DATA EXTRACTS below:

lemma convex_split_renv_attained:
  assumes s: "convex_split g C D q" and v: "v \<in> {0..1}"
  shows "\<exists>w\<in>{0..1}. v \<le> w \<and> g w = D v"
proof (cases "v \<le> q")
  case True
  then have "g q = 1" "D v = 1" using convex_splitD(1,3,6,7)[OF s] v by auto
  then show ?thesis using convex_splitD(1)[OF s] True by auto
next
  case False
  then have "g v = D v" using convex_splitD(3,5)[OF s v] convex_splitD(6)[OF s] v by auto
  then show ?thesis using v by auto
qed

lemma convex_split_le_renv:
  assumes s: "convex_split g C D q" and "v \<in> {0..1}" "w \<in> {0..1}" "v \<le> w"
  shows "g w \<le> D v"
proof -
  have "g w \<le> D w" using convex_splitD(3,4)[OF s assms(3)] by simp
  also have "D w \<le> D v" using convex_split_monotone[OF assms] by simp
  finally show ?thesis .
qed

text \<open>If \<open>min u w = v\<close>, one argument is v and the other lies right of v, where f and g are bounded
by \<open>B v\<close> and \<open>D v\<close>; both bounds are attained, so the supremum is a maximum.\<close>

lemma fmeet_convex_split_eq:
  assumes f: "convex_split f A B p" and g: "convex_split g C D q" and v: "v \<in> {0..1}"
  shows "fmeet f g v = max (min (f v) (D v)) (min (B v) (g v))"
proof -
  let ?S = "{min (f u) (g w) |u w. u \<in> {0..1} \<and> w \<in> {0..1} \<and> min u w = v}"
  obtain w where w: "w \<in> {0..1}" "v \<le> w" "g w = D v"
    using convex_split_renv_attained[OF g v] by blast
  obtain u where u: "u \<in> {0..1}" "v \<le> u" "f u = B v"
    using convex_split_renv_attained[OF f v] by blast
  have "min (f v) (D v) \<in> ?S"
    by (rule CollectI, rule exI[of _ v], rule exI[of _ w]) (use v w in \<open>auto simp: min_absorb1\<close>)
  moreover have "min (B v) (g v) \<in> ?S"
    by (rule CollectI, rule exI[of _ u], rule exI[of _ v]) (use v u in \<open>auto simp: min_absorb2\<close>)
  ultimately have max_in: "max (min (f v) (D v)) (min (B v) (g v)) \<in> ?S"
    by (simp add: max_def)
  have bound: "x \<le> max (min (f v) (D v)) (min (B v) (g v))" if x_in: "x \<in> ?S" for x
  proof -
    obtain u' w' where x: "x = min (f u') (g w')" "u' \<in> {0..1}" "w' \<in> {0..1}" "min u' w' = v"
      using x_in by blast
    show ?thesis
    proof (cases "u' \<le> w'")
      case True
      then have "g w' \<le> D v" using convex_split_le_renv[OF g] x by (auto simp: min_def)
      then show ?thesis using x True by (auto simp: min_def)
    next
      case False
      then have "f u' \<le> B v" using convex_split_le_renv[OF f] x by (auto simp: min_def)
      then show ?thesis using x False by (auto simp: min_def)
    qed
  qed
  have "Sup ?S = max (min (f v) (D v)) (min (B v) (g v))"
    using max_in bound by (intro cSup_eq_maximum) auto
  then show ?thesis using v unfolding fmeet_def by simp
qed
(* Let $M\ge 3$ be an integer (the number of telescopes), let $0<\epsilon<1$, and let the coherence parameters $g_{XY}=a_{XY}+ib_{XY}\in\mathbb{C}$ ($X<Y$) be such that the state $\rho$ below is a density operator. Fix a pair of telescopes $X\neq Y$ and a phase $\delta\in\mathbb{R}$ with $|\mathrm{Re}(g_{XY}e^{-i\delta})|<1$. For any number of rounds $D\ge 1$ and any strengths $\tau_1,\dots,\tau_D\in[0,1]$ with $\gamma_D>0$, the Fisher information matrices (for the two real parameters $(a_{XY},b_{XY})$) of the quantum-randomness scheme and of the classical-randomness scheme satisfy $$F^{qr}_{XY}=\binom{M}{2}\gamma_D\,F^{cr}_{XY},\qquad\text{hence}\qquad \frac{\Vert F^{qr}_{XY}\Vert}{\Vert F^{cr}_{XY}\Vert}=\binom{M}{2}\gamma_D .$$ Moreover, with the strengths $\tau_1,\dots,\tau_D$ chosen optimally, $\gamma_D\to\frac{1}{M-1}$ as $D\to\infty$, so that the ratio tends to $\frac{1}{M-1}\binom{M}{2}=\frac{M}{2}$.
   Context: Each telescope $j\in\{1,\dots,M\}$ holds one optical mode, truncated to a qubit with basis $|0\rangle_j$ (vacuum) and $|1\rangle_j$ (one photon). The received stellar state (to first order in the mean photon number $\epsilon$) is $\rho=(1-\epsilon)|0\cdots0\rangle\langle0\cdots0|+\epsilon\rho^{(1)}$, where $\rho^{(1)}$ is supported on the single-photon states $|e_j\rangle$ (photon at telescope $j$, vacuum elsewhere) with $\langle e_j|\rho^{(1)}|e_j\rangle=1/M$, $\langle e_j|\rho^{(1)}|e_k\rangle=g_{jk}/M$ for $j<k$, and $\langle e_k|\rho^{(1)}|e_j\rangle=g_{jk}^*/M$. For the pair $X,Y$, write $|10\rangle_{XY}$ for one photon at $X$ and none at $Y$, etc., and let $|\delta_\pm\rangle_{XY}=\frac{1}{\sqrt2}(|01\rangle\pm e^{i\delta}|10\rangle)_{XY}$; $\overline{XY}$ denotes the remaining $M-2$ telescopes. The Fisher information matrix of a family of outcome probabilities $p(x|\mathbf c)$ with respect to real parameters $\mathbf c=(c_1,c_2)$ is $F_{ij}=\sum_x \frac{1}{p(x|\mathbf c)}\partial_{c_i}p(x|\mathbf c)\,\partial_{c_j}p(x|\mathbf c)$, with $p(x|\mathbf c)=\mathrm{tr}(E_x\rho)$ and the sum taken over the outcomes listed below (the outcomes relevant to $g_{XY}$). Classical-randomness scheme: a uniformly random pair of telescopes receives an entangled dual-rail photon and performs the Gottesman–Jennewein–Croke interferometric measurement; its relevant POVM elements for the pair $XY$ are $E^{\pm}_{XY}=\frac{1}{2\binom{M}{2}}|\delta_\pm\rangle\langle\delta_\pm|_{XY}\otimes\mathbb{I}_{\overline{XY}}$, and $F^{cr}_{XY}$ is the Fisher information matrix for $(a_{XY},b_{XY})$ from these two outcomes. Quantum-randomness scheme: before distributing the entangled photon, in each round $r=1,\dots,D$ every telescope applies the local weak measurement with Kraus operators (in the basis $|0\rangle,|1\rangle$) $M_0=\mathrm{diag}(\sqrt{1-\tau_r},1)$, $M_1=\mathrm{diag}(\sqrt{\tau_r},0)$; the pair $XY$ is selected at the first round in which $X$ and $Y$ are exactly the telescopes that have never obtained outcome $M_1$, and then the same interferometric measurement is performed on $XY$. Its relevant POVM elements are $E^{\pm}_{XY}=\frac{\gamma_D}{2}|\delta_\pm\rangle\langle\delta_\pm|_{XY}\otimes|0\cdots0\rangle\langle0\cdots0|_{\overline{XY}}$, where, with $x_0=1$ and $x_r=\prod_{j=1}^r(1-\tau_j)$, $\gamma_D=\sum_{r=1}^D x_r\left[(1-x_r)^{M-2}-(1-x_{r-1})^{M-2}\right]$; $F^{qr}_{XY}$ is the Fisher information matrix for $(a_{XY},b_{XY})$ from these two outcomes. Both Fisher informations are per distributed entangled (terrestrial) photon. *)

theory Defs
  imports "HOL-Analysis.Analysis"
begin
locale max_embedding_dimension =
  fixes H :: "nat set" and n :: nat and a :: "nat \<Rightarrow> nat"
  assumes numerical_semigroup: "numerical_semigroup H"
    and three_le: "3 \<le> n"
    and gen_strict_mono: "strict_mono_on {1..n} a"
    and gen_one: "a 1 = n"
    and min_gens_eq: "min_gens H = a ` {1..n}"
begin

lemma zero_mem: "0 \<in> H" and add_mem: "x \<in> H \<Longrightarrow> y \<in> H \<Longrightarrow> x + y \<in> H"
  using numerical_semigroup unfolding numerical_semigroup_def by auto

lemma gen_less: "i \<in> {1..n} \<Longrightarrow> j \<in> {1..n} \<Longrightarrow> i < j \<Longrightarrow> a i < a j"
  using gen_strict_mono unfolding strict_mono_on_def by blast

lemma gen_mem: "i \<in> {1..n} \<Longrightarrow> a i \<in> H"
  using min_gens_eq unfolding min_gens_def by blast

lemma mult_mem: "k * n \<in> H"
  using gen_mem[of 1] gen_one three_le by (induction k) (auto simp: zero_mem add_mem)

lemma gen_eq_add_mult:
  assumes "i \<in> {1..n}" "y \<in> H" "a i = y + k * n" "0 < k"
  shows "y = 0"
proof -
  have "a i \<in> min_gens H" using assms(1) min_gens_eq by blast
  moreover have "k * n \<in> H" "k * n \<noteq> 0" using mult_mem assms(4) three_le by auto
  ultimately show ?thesis using assms(2,3) unfolding min_gens_def by blast
qed

lemma gen_mod_nonzero:
  assumes "i \<in> {2..n}"
  shows "a i mod n \<noteq> 0"
proof
  assume "a i mod n = 0"
  then have "a i = (a i div n) * n" using div_mult_mod_eq[of "a i" n] by simp
  then obtain k where k: "a i = k * n" by blast
  have "n < a i" using gen_less[of 1 i] assms gen_one by auto
  have "2 \<le> k"
  proof (rule ccontr)
    assume "\<not> 2 \<le> k"
    then have "k * n \<le> 1 * n" by (intro mult_le_mono1) simp
    with k \<open>n < a i\<close> show False by simp
  qed
  then obtain k' where "k = Suc k'" "0 < k'" by (cases k) auto
  with k have "a i = k' * n + 1 * n" by simp
  then have "k' * n = 0" using gen_eq_add_mult[of i "k' * n" 1] assms mult_mem by simp
  with \<open>0 < k'\<close> three_le show False by simp
qed

lemma mem_if_mod_zero: "y mod n = 0 \<Longrightarrow> y \<in> H"
  using div_mult_mod_eq[of y n] mult_mem[of "y div n"] by simp

lemma gen_mod_inj: "inj_on (\<lambda>i. a i mod n) {2..n}"
proof -
  have ne: "a i mod n \<noteq> a j mod n" if ij: "i \<in> {2..n}" "j \<in> {2..n}" "i < j" for i j
  proof
    assume "a i mod n = a j mod n"
    moreover have "a i < a j" using gen_less[of i j] ij by auto
    ultimately have "n dvd a j - a i" using mod_eq_dvd_iff_nat[of "a i" "a j" n] by simp
    then obtain k where "a j - a i = n * k" by (rule dvdE)
    with \<open>a i < a j\<close> have "a j = a i + k * n" "0 < k"
      by (cases "k = 0"; simp add: mult.commute)+
    then have "a i = 0" using gen_eq_add_mult[of j] ij gen_mem[of i] by auto
    with gen_mod_nonzero[OF ij(1)] show False by simp
  qed
  show ?thesis
  proof (rule inj_onI)
    fix i j assume ij: "i \<in> {2..n}" "j \<in> {2..n}" "a i mod n = a j mod n"
    show "i = j"
      by (rule linorder_cases[of i j]) (use ij ne[of i j] ne[of j i] in auto)
  qed
qed
lemma lookup_single_mult_avoiding:
  fixes f :: mpoly
  assumes avoid: "\<And>e'. j \<in> Poly_Mapping.keys e' \<Longrightarrow> lookup f e' = 0"
  shows "lookup (single (single j t) c * f) e =
           (if lookup e j = t then c * lookup f (e - single j t) else 0)"
proof -
  have expand: "lookup (single (single j t) c * f) e =
                  c * Sum_any (\<lambda>e'. lookup f e' when e = single j t + e')"
    unfolding lookup_mult lookup_single by (simp only: when_mult Sum_any_when_equal')
  show ?thesis
  proof (cases "t \<le> lookup e j")
    case True
    have e_split: "e = single j t + (e - single j t)"
      using True by (intro poly_mapping_eqI) (auto simp: lookup_add lookup_minus lookup_single when_def)
    have "lookup (single (single j t) c * f) e = c * lookup f (e - single j t)"
      unfolding expand by (subst (1 2) e_split) simp
    moreover have "lookup f (e - single j t) = 0" if "lookup e j \<noteq> t"
      using True that by (intro avoid) (simp add: in_keys_iff lookup_minus)
    ultimately show ?thesis by simp
  next
    case False
    then have "e \<noteq> single j t + e'" for e'
      by (auto simp: lookup_add)
    then show ?thesis using False unfolding expand by (simp add: when_def)
  qed
qed

definition prod_linear_factors_coeff ::
  "nat set \<Rightarrow> (nat \<Rightarrow> nat) \<Rightarrow> nat \<Rightarrow> (nat \<Rightarrow>\<^sub>0 nat) \<Rightarrow> int" where
  "prod_linear_factors_coeff A m k e =
     (if Poly_Mapping.keys e \<subseteq> A \<and> (\<forall>j\<in>A. lookup e j \<le> m j) \<and>
         (\<Sum>j\<in>A. lookup e j) + k = (\<Sum>j\<in>A. m j)
      then (-1) ^ (\<Sum>j\<in>A. lookup e j) * (\<Prod>j\<in>A. int (m j choose lookup e j)) else 0)"

lemma prod_linear_factors_coeff_nonzeroD:
  assumes "prod_linear_factors_coeff A m k e \<noteq> 0"
  shows "Poly_Mapping.keys e \<subseteq> A" "\<forall>j\<in>A. lookup e j \<le> m j"
    "(\<Sum>j\<in>A. lookup e j) + k = (\<Sum>j\<in>A. m j)"
  using assms by (simp_all add: prod_linear_factors_coeff_def split: if_splits)

lemma prod_linear_factors_coeff_insert:
  assumes "finite A" "j \<notin> A"
  shows "prod_linear_factors_coeff (insert j A) m k e =
    (if lookup e j \<le> m j \<and> m j - lookup e j \<le> k
     then (-1) ^ lookup e j * int (m j choose lookup e j) *
          prod_linear_factors_coeff A m (k - (m j - lookup e j)) (e - single j (lookup e j))
     else 0)"
proof -
  define e' where "e' = e - single j (lookup e j)"
  have lookup_e': "lookup e' x = (if x = j then 0 else lookup e x)" for x
    by (simp add: e'_def lookup_minus lookup_single when_def)
  have keys: "Poly_Mapping.keys e \<subseteq> insert j A \<longleftrightarrow> Poly_Mapping.keys e' \<subseteq> A"
    by (auto simp: subset_iff in_keys_iff lookup_e')
  have on_A: "x \<in> A \<Longrightarrow> lookup e' x = lookup e x" for x
    using assms(2) by (auto simp: lookup_e')
  have sum_A: "(\<Sum>x\<in>A. lookup e' x) = (\<Sum>x\<in>A. lookup e x)"
    and prod_A: "(\<Prod>x\<in>A. int (m x choose lookup e' x)) = (\<Prod>x\<in>A. int (m x choose lookup e x))"
    by (simp_all add: on_A cong: sum.cong prod.cong)
  have bound_A: "(\<forall>x\<in>A. lookup e' x \<le> m x) \<longleftrightarrow> (\<forall>x\<in>A. lookup e x \<le> m x)"
    by (simp add: on_A)
  show ?thesis
  proof (cases "lookup e j \<le> m j \<and> m j - lookup e j \<le> k")
    case True
    then show ?thesis
      using assms unfolding prod_linear_factors_coeff_def e'_def[symmetric]
      by (auto simp: keys sum_A prod_A bound_A power_add)
  next
    case False
    have "(\<Sum>x\<in>A. lookup e x) \<le> (\<Sum>x\<in>A. m x)" if "\<forall>x\<in>A. lookup e x \<le> m x"
      using that by (intro sum_mono) auto
    then show ?thesis
      using assms False unfolding prod_linear_factors_coeff_def by auto
  qed
qed

lemma lookup_coeff_prod_linear_factors:
  assumes "finite A"
  shows "lookup (coeff (\<Prod>j\<in>A. [:- zvar j, 1:] ^ m j) k) e = prod_linear_factors_coeff A m k e"
  using assms
proof (induction A arbitrary: k e rule: finite_induct)
  case empty
  show ?case by (auto simp: prod_linear_factors_coeff_def lookup_one when_def coeff_1)
next
  case (insert j A)
  define P where "P = (\<Prod>j\<in>A. [:- zvar j, 1:] ^ m j)"
  define E where "E = lookup e j"
  define c where "c = (-1) ^ E * int (m j choose E) *
                      prod_linear_factors_coeff A m (k - (m j - E)) (e - single j E)"
  have IH: "lookup (coeff P k') e' = prod_linear_factors_coeff A m k' e'" for k' e'
    unfolding P_def by (rule insert.IH)
  have avoid: "lookup (coeff P k') e' = 0" if "j \<in> Poly_Mapping.keys e'" for k' e'
    using insert.hyps(2) that unfolding IH prod_linear_factors_coeff_def by auto
  have mult: "lookup (single (single j t) a * coeff P k') e =
                (if E = t then a * lookup (coeff P k') (e - single j t) else 0)" for t a k'
    unfolding E_def by (rule lookup_single_mult_avoiding) (rule avoid)
  have factor_term: "lookup (coeff ([:- zvar j, 1:] ^ m j) i * coeff P (k - i)) e =
                (if i = m j - E \<and> E \<le> m j then c else 0)" for i
  proof (cases "i \<le> m j \<and> E = m j - i")
    case True
    then have "i = m j - E" "m j choose i = m j choose E"
      using binomial_symmetric[of E "m j"] by auto
    then show ?thesis
      using True by (simp add: coeff_linear_factor_power mult IH c_def)
  next
    case False
    then show ?thesis
      by (auto simp: coeff_linear_factor_power mult)
  qed
  have "lookup (coeff (\<Prod>j\<in>insert j A. [:- zvar j, 1:] ^ m j) k) e =
          (\<Sum>i\<le>k. lookup (coeff ([:- zvar j, 1:] ^ m j) i * coeff P (k - i)) e)"
    using insert.hyps by (simp add: coeff_mult lookup_sum P_def)
  also have "\<dots> = (if E \<le> m j \<and> m j - E \<le> k then c else 0)"
    unfolding factor_term by (cases "E \<le> m j") (simp_all add: sum.delta)
  also have "\<dots> = prod_linear_factors_coeff (insert j A) m k e"
    using insert.hyps by (simp add: prod_linear_factors_coeff_insert c_def E_def)
  finally show ?case .
qed

lemma Phi_quot_eq_prod:
  assumes "i \<in> {1..n}"
  shows "Phi_quot n q i =
    (\<Prod>j\<in>{1..n}. [:- zvar j, 1:] ^ (if j = i then (q - 1) div 2 - 1 else (q - 1) div 2))"
proof -
  have "(\<Prod>j\<in>{1..n}. [:- zvar j, 1:] ^ (if j = i then (q - 1) div 2 - 1 else (q - 1) div 2)) =
        [:- zvar i, 1:] ^ ((q - 1) div 2 - 1) *
        (\<Prod>j\<in>{1..n} - {i}. [:- zvar j, 1:] ^ (if j = i then (q - 1) div 2 - 1 else (q - 1) div 2))"
    using assms by (subst prod.remove[of _ i]) auto
  also have "(\<Prod>j\<in>{1..n} - {i}. [:- zvar j, 1:] ^ (if j = i then (q - 1) div 2 - 1 else (q - 1) div 2))
      = (\<Prod>j\<in>{1..n} - {i}. [:- zvar j, 1:] ^ ((q - 1) div 2))"
    by (rule prod.cong) auto
  finally show ?thesis unfolding Phi_quot_def by (simp add: mult.commute)
qed

lemma lookup_Pvec:
  assumes "i \<in> {1..n}"
  shows "lookup (Pvec n q k i) e =
    prod_linear_factors_coeff {1..n} (\<lambda>j. if j = i then (q - 1) div 2 - 1 else (q - 1) div 2) k e"
  unfolding Pvec_def Phi_quot_eq_prod[OF assms] by (rule lookup_coeff_prod_linear_factors) simp

lemma sum_quot_exponents:
  fixes i n M :: nat
  assumes "i \<in> {1..n}" "M \<ge> 1"
  shows "(\<Sum>j\<in>{1..n}. if j = i then M - 1 else M) = n * M - 1"
proof -
  have "(\<Sum>j\<in>{1..n}. if j = i then M - 1 else M) =
        (M - 1) + (\<Sum>j\<in>{1..n} - {i}. if j = i then M - 1 else M)"
    using assms(1) sum.remove[of "{1..n}" i "\<lambda>j. if j = i then M - 1 else M"] by simp
  also have "\<dots> = (M - 1) + (n - 1) * M"
    using assms(1) by simp
  also have "\<dots> = n * M - 1"
    using assms by (cases n) (auto simp: algebra_simps)
  finally show ?thesis .
qed

definition greedy_exponent :: "nat \<Rightarrow> nat \<Rightarrow> nat \<Rightarrow> nat \<Rightarrow>\<^sub>0 nat" where
  "greedy_exponent a M r =
     Abs_poly_mapping (\<lambda>j. if 1 \<le> j \<and> j \<le> a then M else if j = a + 1 then r else 0)"

lemma lookup_greedy_exponent:
  "lookup (greedy_exponent a M r) j = (if 1 \<le> j \<and> j \<le> a then M else if j = a + 1 then r else 0)"
proof -
  have "finite {j. (if 1 \<le> j \<and> j \<le> a then M else if j = a + 1 then r else 0) \<noteq> 0}"
    by (rule finite_subset[of _ "{..a + 1}"]) (auto split: if_splits)
  then show ?thesis unfolding greedy_exponent_def by (simp add: lookup_Abs_poly_mapping)
qed

lemma sum_greedy_exponent:
  assumes "a < n"
  shows "(\<Sum>j\<in>{1..n}. lookup (greedy_exponent a M r) j) = a * M + r"
proof -
  have "(\<Sum>j\<in>{1..n}. lookup (greedy_exponent a M r) j) =
        (\<Sum>j\<in>{1..a}. M) + (\<Sum>j\<in>{a + 1}. r)"
    using assms
    by (subst sum.mono_neutral_cong_right[of "{1..n}" "{1..a} \<union> {a + 1}"])
       (auto simp: lookup_greedy_exponent sum.union_disjoint)
  then show ?thesis by simp
qed

lemma lex_less_greedy_exponent:
  assumes keys: "Poly_Mapping.keys e \<subseteq> {1..n}" and bound: "\<And>j. lookup e j \<le> M"
    and "a < n" and deg: "(\<Sum>j\<in>{1..n}. lookup e j) = a * M + r"
    and ne: "e \<noteq> greedy_exponent a M r"
  shows "lex_less e (greedy_exponent a M r)"
proof -
  define d where "d = lookup (greedy_exponent a M r)"
  have "\<exists>t. lookup e t \<noteq> d t"
    using ne poly_mapping_eqI unfolding d_def by metis
  then obtain t where t: "lookup e t \<noteq> d t" and before: "\<forall>j<t. lookup e j = d j"
    using exists_least_iff[of "\<lambda>t. lookup e t \<noteq> d t"] by blast
  have "\<not> d t < lookup e t"
  proof
    assume gt: "d t < lookup e t"
    then have "t \<in> Poly_Mapping.keys e" by (simp add: in_keys_iff)
    then have "t \<in> {1..n}" using keys by blast
    moreover have "a < t"
      using gt bound[of t] \<open>t \<in> {1..n}\<close> by (auto simp: d_def lookup_greedy_exponent split: if_splits)
    ultimately have "(\<Sum>j\<in>{1..n}. d j) = (\<Sum>j\<in>{1..t}. d j)"
      by (intro sum.mono_neutral_right) (auto simp: d_def lookup_greedy_exponent)
    also have "\<dots> < (\<Sum>j\<in>{1..t}. lookup e j)"
    proof -
      have last: "(\<Sum>j\<in>{1..t}. f j) = (\<Sum>j\<in>{1..<t}. f j) + f t" for f :: "nat \<Rightarrow> nat"
        using \<open>t \<in> {1..n}\<close> by (simp flip: atLeastLessThanSuc_atLeastAtMost)
      show ?thesis
        unfolding last using gt before by simp
    qed
    also have "\<dots> \<le> (\<Sum>j\<in>{1..n}. lookup e j)"
      using \<open>t \<in> {1..n}\<close> by (intro sum_mono2) auto
    finally show False using deg sum_greedy_exponent[OF \<open>a < n\<close>] unfolding d_def by simp
  qed
  then show ?thesis
    using t before unfolding lex_less_def d_def by (metis linorder_neqE_nat)
qed

lemma prod_linear_factors_coeff_greedy:
  fixes i n :: nat
  assumes i: "i \<in> {1..n}" and "a < n" "r < M" and deg: "a * M + r + k = n * M - 1"
  shows "prod_linear_factors_coeff {1..n} (\<lambda>j. if j = i then M - 1 else M) k (greedy_exponent a M r) =
    (if i \<le> a then 0 else (-1) ^ (a * M + r) * int ((if i = a + 1 then M - 1 else M) choose r))"
proof -
  define m where "m j = (if j = i then M - 1 else M)" for j
  define d where "d = greedy_exponent a M r"
  have lookup_d: "lookup d j = (if 1 \<le> j \<and> j \<le> a then M else if j = a + 1 then r else 0)" for j
    unfolding d_def by (rule lookup_greedy_exponent)
  have keys: "Poly_Mapping.keys d \<subseteq> {1..n}"
    using \<open>a < n\<close> by (auto simp: in_keys_iff lookup_d split: if_splits)
  have sum_d: "(\<Sum>j\<in>{1..n}. lookup d j) = a * M + r"
    unfolding d_def using \<open>a < n\<close> by (rule sum_greedy_exponent)
  have deg': "(\<Sum>j\<in>{1..n}. lookup d j) + k = (\<Sum>j\<in>{1..n}. m j)"
    using sum_quot_exponents[OF i, of M] deg \<open>r < M\<close> unfolding sum_d m_def by simp
  show ?thesis
  proof (cases "i \<le> a")
    case True
    then have "\<not> lookup d i \<le> m i"
      using i \<open>r < M\<close> by (simp add: lookup_d m_def)
    then show ?thesis
      using i True unfolding prod_linear_factors_coeff_def d_def[symmetric] m_def[symmetric] by auto
  next
    case False
    have bound: "\<forall>j\<in>{1..n}. lookup d j \<le> m j"
      using False \<open>r < M\<close> by (auto simp: lookup_d m_def)
    have "(\<Prod>j\<in>{1..n}. int (m j choose lookup d j)) =
          int (m (a + 1) choose lookup d (a + 1)) * (\<Prod>j\<in>{1..n} - {a + 1}. int (m j choose lookup d j))"
      using \<open>a < n\<close> by (intro prod.remove) auto
    also have "(\<Prod>j\<in>{1..n} - {a + 1}. int (m j choose lookup d j)) = 1"
      using False by (intro prod.neutral) (auto simp: lookup_d m_def)
    finally have "(\<Prod>j\<in>{1..n}. int (m j choose lookup d j)) = int (m (a + 1) choose r)"
      by (simp add: lookup_d)
    then show ?thesis
      using False keys bound deg' \<open>r < M\<close>
      unfolding prod_linear_factors_coeff_def d_def[symmetric] m_def[symmetric] sum_d
      by (simp add: m_def)
  qed
qed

End of DATA EXTRACTS.

EXERCISE:
Give the count of lines in the data above holding the word "also", and nothing beyond it.

COMPLETED EXERCISE:
9